After winning the series, Taylor entered the studios in early June 2004 to record a debut album. The first single "Heartbreaker" was released on 21 June 2004 and debuted at No. 8 on the Australian singles charts. He co-wrote the song himself. A planned second single, "City Lights", and the album were never released.

==Future direction==
Taylor moved on from Popstars Live in order to pursue an independent record career. Taylor completed a three-month entertainment contract with the Conrad Hilton in Bangkok. During his time in Bangkok, Taylor got in touch with German producer Leslie Mándoki and subsequently travelled to Germany, where he recorded seven songs in four days.

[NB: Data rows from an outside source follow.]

lemma norm_taylor_remainder_le:
  fixes u :: "real \<Rightarrow> 'a::real_normed_vector"
  assumes "a \<le> b"
    and u': "\<And>s. s \<in> {a..b} \<Longrightarrow> (u has_vector_derivative u' s) (at s within {a..b})"
    and u'': "\<And>s. s \<in> {a..b} \<Longrightarrow> (u' has_vector_derivative u'' s) (at s within {a..b})"
    and bound: "\<And>s. s \<in> {a..b} \<Longrightarrow> norm (u'' s) \<le> B"
  shows "norm (u b - u a - (b - a) *\<^sub>R u' a) \<le> B * (b - a)\<^sup>2"
proof -
  have "norm (u' s - u' a) \<le> B * (b - a)" if s: "s \<in> {a..b}" for s
  proof -
    have "norm (u' s - u' a) \<le> B * (s - a)"
      by (rule norm_diff_le_of_vector_derivative_bound)
        (use s in \<open>auto intro: bound has_vector_derivative_within_subset[OF u'']\<close>)
    also have "\<dots> \<le> B * (b - a)"
      using s bound[of a] assms(1)
      by (intro mult_left_mono) (auto intro: order_trans[OF norm_ge_zero])
    finally show ?thesis .
  qed
  then have "norm (u b - u a - (b - a) *\<^sub>R u' a) \<le> norm (b - a) * (B * (b - a))"
    by (intro vector_differentiable_bound_linearization[OF u'])
      (use assms(1) in \<open>auto simp: closed_segment_eq_real_ivl\<close>)
  then show ?thesis using assms(1) by (simp add: power2_eq_square ac_simps)
qed

lemma C1_on_imp_continuous_on: "C1_on S g \<Longrightarrow> continuous_on S g"
  unfolding C1_on_def continuous_on_eq_continuous_within
  using has_vector_derivative_continuous by blast

lemma C2_taylor_bound:
  fixes u :: "real \<Rightarrow> 'a::real_normed_vector"
  assumes u': "\<And>t. t \<in> {a..b} \<Longrightarrow> (u has_vector_derivative u' t) (at t within {a..b})"
    and "C1_on {a..b} u'"
  obtains B where "\<And>t k. t \<in> {a..b} \<Longrightarrow> 0 \<le> k \<Longrightarrow> t + k \<le> b \<Longrightarrow>
    norm (u (t + k) - u t - k *\<^sub>R u' t) \<le> B * k\<^sup>2"
proof -
  obtain u'' where u'': "\<And>t. t \<in> {a..b} \<Longrightarrow> (u' has_vector_derivative u'' t) (at t within {a..b})"
    and "continuous_on {a..b} u''"
    using \<open>C1_on {a..b} u'\<close> unfolding C1_on_def by blast
  have "bounded (u'' ` {a..b})"
    by (intro compact_imp_bounded compact_continuous_image \<open>continuous_on {a..b} u''\<close>) simp
  then obtain B where B: "\<And>t. t \<in> {a..b} \<Longrightarrow> norm (u'' t) \<le> B"
    unfolding bounded_iff by blast
  show ?thesis
  proof (rule that)
    fix t k assume "t \<in> {a..b}" "0 \<le> k" "t + k \<le> b"
    then have sub: "{t..t + k} \<subseteq> {a..b}" by auto
    have "norm (u (t + k) - u t - (t + k - t) *\<^sub>R u' t) \<le> B * (t + k - t)\<^sup>2"
    proof (rule norm_taylor_remainder_le)
      fix s assume "s \<in> {t..t + k}"
      then have "s \<in> {a..b}" using sub by blast
      show "(u has_vector_derivative u' s) (at s within {t..t + k})"
        using has_vector_derivative_within_subset[OF u'[OF \<open>s \<in> {a..b}\<close>] sub] .
      show "(u' has_vector_derivative u'' s) (at s within {t..t + k})"
        using has_vector_derivative_within_subset[OF u''[OF \<open>s \<in> {a..b}\<close>] sub] .
      show "norm (u'' s) \<le> B" using B[OF \<open>s \<in> {a..b}\<close>] .
    qed (use \<open>0 \<le> k\<close> in simp)
    then show "norm (u (t + k) - u t - k *\<^sub>R u' t) \<le> B * k\<^sup>2" by simp
  qed
qed

lemma ode_solution_stays_near_initial_value:
  fixes v :: "real \<Rightarrow> 'a::real_normed_vector"
  assumes v': "\<And>s. s \<in> {0..h} \<Longrightarrow> (v has_vector_derivative F s (v s)) (at s within {0..h})"
    and bound: "\<And>s x. s \<in> {0..h} \<Longrightarrow> norm (x - v 0) \<le> \<rho> \<Longrightarrow> norm (F s x) \<le> B"
    and "0 \<le> B" "B * h < \<rho>" and s: "s \<in> {0..h}"
  shows "norm (v s - v 0) \<le> B * s"
proof -
  have mvt: "norm (v r - v 0) \<le> B * r"
    if r: "r \<in> {0..h}" and near: "\<And>q. q \<in> {0..r} \<Longrightarrow> norm (v q - v 0) \<le> \<rho>" for r
  proof -
    have "norm (v r - v 0) \<le> B * (r - 0)"
    proof (rule norm_diff_le_of_vector_derivative_bound)
      show "(v has_vector_derivative F q (v q)) (at q within {0..r})" if "q \<in> {0..r}" for q
        using that r by (auto intro: has_vector_derivative_within_subset[OF v'])
      show "norm (F q (v q)) \<le> B" if "q \<in> {0..r}" for q
        using that r near by (auto intro: bound)
    qed (use r in auto)
    then show ?thesis by simp
  qed
  have near: "norm (v q - v 0) < \<rho>" if q: "q \<in> {0..h}" for q
  proof (rule ccontr)
    assume far: "\<not> ?thesis"
    define P where "P = {0..h} \<inter> (\<lambda>q. norm (v q - v 0)) -` {\<rho>..}"
    have cont: "continuous_on {0..h} v"
      unfolding continuous_on_eq_continuous_within
      using v' has_vector_derivative_continuous by blast
    have "closed P"
      unfolding P_def by (intro continuous_closed_preimage continuous_intros cont)
    moreover have "P \<noteq> {}" "bdd_below P"
      using q far by (auto simp: P_def intro: bdd_belowI[of _ 0])
    ultimately have exit: "Inf P \<in> P" using closed_contains_Inf by blast
    (* Inf P is the first time at which v reaches distance \<rho> from v 0. *)
    have below: "norm (v q - v 0) < \<rho>" if "q \<in> {0..<Inf P}" for q
      using that cInf_lower[OF _ \<open>bdd_below P\<close>, of q] exit by (force simp: P_def)
    have "\<rho> > 0"
      using q \<open>0 \<le> B\<close> \<open>B * h < \<rho>\<close> by (smt (verit) atLeastAtMost_iff mult_nonneg_nonneg)
    then have "Inf P \<noteq> 0" using exit by (auto simp: P_def)
    then have "Inf P > 0" using exit by (auto simp: P_def)
    have "norm (v (Inf P) - v 0) \<le> B * Inf P"
    proof (rule continuous_le_on_closure[where S="{0..<Inf P}" and f="\<lambda>r. norm (v r - v 0)"])
      show "continuous_on (closure {0..<Inf P}) (\<lambda>r. norm (v r - v 0))"
        using \<open>Inf P > 0\<close> exit
        by (auto simp: P_def intro!: continuous_intros intro: continuous_on_subset[OF cont])
      show "norm (v r - v 0) \<le> B * Inf P" if "r \<in> {0..<Inf P}" for r
      proof -
        have "norm (v r - v 0) \<le> B * r"
          using that exit below by (intro mvt) (auto simp: P_def less_imp_le)
        also have "\<dots> \<le> B * Inf P" using that \<open>0 \<le> B\<close> by (simp add: mult_left_mono)
        finally show ?thesis .
      qed
    qed (use \<open>Inf P > 0\<close> in simp)
    moreover have "B * Inf P \<le> B * h" using exit \<open>0 \<le> B\<close> by (simp add: P_def mult_left_mono)
    ultimately show False using exit \<open>B * h < \<rho>\<close> by (simp add: P_def)
  qed
  show ?thesis using s near by (intro mvt) (auto simp: less_imp_le)
qed

lemma ode_solution_increment_le:
  fixes v :: "real \<Rightarrow> 'a::real_normed_vector"
  assumes v': "\<And>s. s \<in> {0..h} \<Longrightarrow> (v has_vector_derivative F s (v s)) (at s within {0..h})"
    and bound: "\<And>s x. s \<in> {0..h} \<Longrightarrow> norm (x - v 0) \<le> \<rho> \<Longrightarrow> norm (F s x) \<le> B"
    and lipschitz: "\<And>s x. s \<in> {0..h} \<Longrightarrow> norm (x - v 0) \<le> \<rho> \<Longrightarrow>
      norm (F s x - F0) \<le> L * (s + norm (x - v 0)) + D"
    and "0 \<le> h" "0 \<le> B" "0 \<le> L" "B * h < \<rho>"
  shows "norm (v h - v 0 - h *\<^sub>R F0) \<le> (L * (1 + B) * h + D) * h"
proof -
  have stay: "norm (v s - v 0) \<le> B * s" if "s \<in> {0..h}" for s
    using ode_solution_stays_near_initial_value[of h v F \<rho> B s] v' bound assms(5,7) that by blast
  have "norm ((v h - h *\<^sub>R F0) - (v 0 - 0 *\<^sub>R F0)) \<le> (L * (1 + B) * h + D) * (h - 0)"
  proof (rule norm_diff_le_of_vector_derivative_bound[where g'="\<lambda>s. F s (v s) - F0"])
    show "((\<lambda>s. v s - s *\<^sub>R F0) has_vector_derivative F s (v s) - F0) (at s within {0..h})"
      if "s \<in> {0..h}" for s
      using v'[OF that] by (auto intro!: derivative_eq_intros)
    show "norm (F s (v s) - F0) \<le> L * (1 + B) * h + D" if s: "s \<in> {0..h}" for s
    proof -
      have "B * s < \<rho>"
        using s assms(5,7) by (smt (verit) atLeastAtMost_iff mult_left_mono)
      then have "norm (F s (v s) - F0) \<le> L * (s + norm (v s - v 0)) + D"
        using lipschitz[OF s] stay[OF s] by simp
      also have "\<dots> \<le> L * (1 + B) * h + D"
      proof -
        have "s + norm (v s - v 0) \<le> (1 + B) * h"
          using s stay[OF s] mult_left_mono[of s h B] assms(5) by (simp add: algebra_simps)
        from mult_left_mono[OF this assms(6)] show ?thesis by (simp add: mult.assoc)
      qed
      finally show ?thesis .
    qed
  qed (use assms(4) in auto)
  then show ?thesis by (simp add: algebra_simps)
qed

lemma C1_lipschitz_near_curve:
  fixes f :: "real \<Rightarrow> 'a::real_normed_vector \<Rightarrow> 'b::real_normed_vector"
  assumes f': "\<And>q. q \<in> {a..b} \<times> UNIV \<Longrightarrow>
      ((\<lambda>(t, x). f t x) has_derivative blinfun_apply (f' q)) (at q within {a..b} \<times> UNIV)"
    and f'_cont: "continuous_on ({a..b} \<times> UNIV) f'"
    and u: "continuous_on {a..b} u"
  obtains e L where "e > 0" "L \<ge> 0"
    "\<And>t \<tau> x. t \<in> {a..b} \<Longrightarrow> \<tau> \<in> {a..b} \<Longrightarrow> \<bar>\<tau> - t\<bar> + norm (x - u t) < e \<Longrightarrow>
       norm (f \<tau> x - f t (u t)) \<le> L * (\<bar>\<tau> - t\<bar> + norm (x - u t))"
proof -
  define W where "W = {a..b} \<times> (UNIV :: 'a set)"
  define \<Gamma> where "\<Gamma> = (\<lambda>t. (t, u t)) ` {a..b}"
  have "compact \<Gamma>"
    unfolding \<Gamma>_def by (intro compact_continuous_image continuous_intros u) simp
  have "\<Gamma> \<subseteq> W" by (auto simp: \<Gamma>_def W_def)
  have "bounded (f' ` \<Gamma>)"
    using \<open>compact \<Gamma>\<close> \<open>\<Gamma> \<subseteq> W\<close> f'_cont
    by (auto simp: W_def intro!: compact_imp_bounded compact_continuous_image
        intro: continuous_on_subset)
  then obtain N where N: "N \<ge> 0" "\<And>q. q \<in> \<Gamma> \<Longrightarrow> norm (f' q) < N"
    using bounded_pos_less by (metis imageI less_imp_le)
  obtain U where "open U" and U: "U \<inter> W = f' -` ball 0 N \<inter> W"
    using f'_cont by (auto simp: W_def continuous_on_open_invariant)
  moreover have "\<Gamma> \<subseteq> U" using U N(2) \<open>\<Gamma> \<subseteq> W\<close> by auto
  ultimately obtain e where e: "e > 0" "(\<Union>q\<in>\<Gamma>. ball q e) \<subseteq> U"
    using compact_subset_open_imp_ball_epsilon_subset \<open>compact \<Gamma>\<close> by metis
  show ?thesis
  proof (rule that[OF e(1) N(1)])
    fix t \<tau> x assume t: "t \<in> {a..b}" and \<tau>: "\<tau> \<in> {a..b}"
      and near: "\<bar>\<tau> - t\<bar> + norm (x - u t) < e"
    define V where "V = ball (t, u t) e \<inter> W"
    have "dist (t, u t) (\<tau>, x) \<le> \<bar>\<tau> - t\<bar> + norm (x - u t)"
      using norm_Pair_le[of "t - \<tau>" "u t - x"]
      by (simp add: dist_norm abs_minus_commute norm_minus_commute)
    then have "(\<tau>, x) \<in> V" using near \<tau> by (simp add: V_def W_def)
    moreover have "(t, u t) \<in> V" using t e(1) by (simp add: V_def W_def)
    moreover have "convex V" by (simp add: V_def W_def convex_Int convex_Times)
    moreover have "((\<lambda>(t, x). f t x) has_derivative blinfun_apply (f' q)) (at q within V)"
      if "q \<in> V" for q
      using f' that by (auto simp: V_def W_def intro: has_derivative_subset)
    moreover have "onorm (blinfun_apply (f' q)) \<le> N" if "q \<in> V" for q
    proof -
      have "q \<in> U \<inter> W" using that e(2) t by (fastforce simp: V_def \<Gamma>_def)
      then show ?thesis using U by (simp add: norm_blinfun.rep_eq[symmetric])
    qed
    ultimately have "norm (f \<tau> x - f t (u t)) \<le> N * norm ((\<tau>, x) - (t, u t))"
      using differentiable_bound[of V "\<lambda>(t, x). f t x" "\<lambda>q. blinfun_apply (f' q)" N
          "(\<tau>, x)" "(t, u t)"]
      by simp
    also have "\<dots> \<le> N * (\<bar>\<tau> - t\<bar> + norm (x - u t))"
      using norm_Pair_le[of "\<tau> - t" "x - u t"] N(1) by (simp add: mult_left_mono)
    finally show "norm (f \<tau> x - f t (u t)) \<le> N * (\<bar>\<tau> - t\<bar> + norm (x - u t))" .
  qed
qed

Taylor and Mandoki then began working on Taylor's debut album for Europe.

==Discography==

===Singles===

List of singles, with selected chart positions
Title: Year; Peak chart positions
AUS
"Stand Up Next to Me" (as part of Popstars Live finalists): 2004; 29
"Heartbreaker": 8

===Other appearances===
- "Jealous Guy" from Popstars Live: The Finalists (2004)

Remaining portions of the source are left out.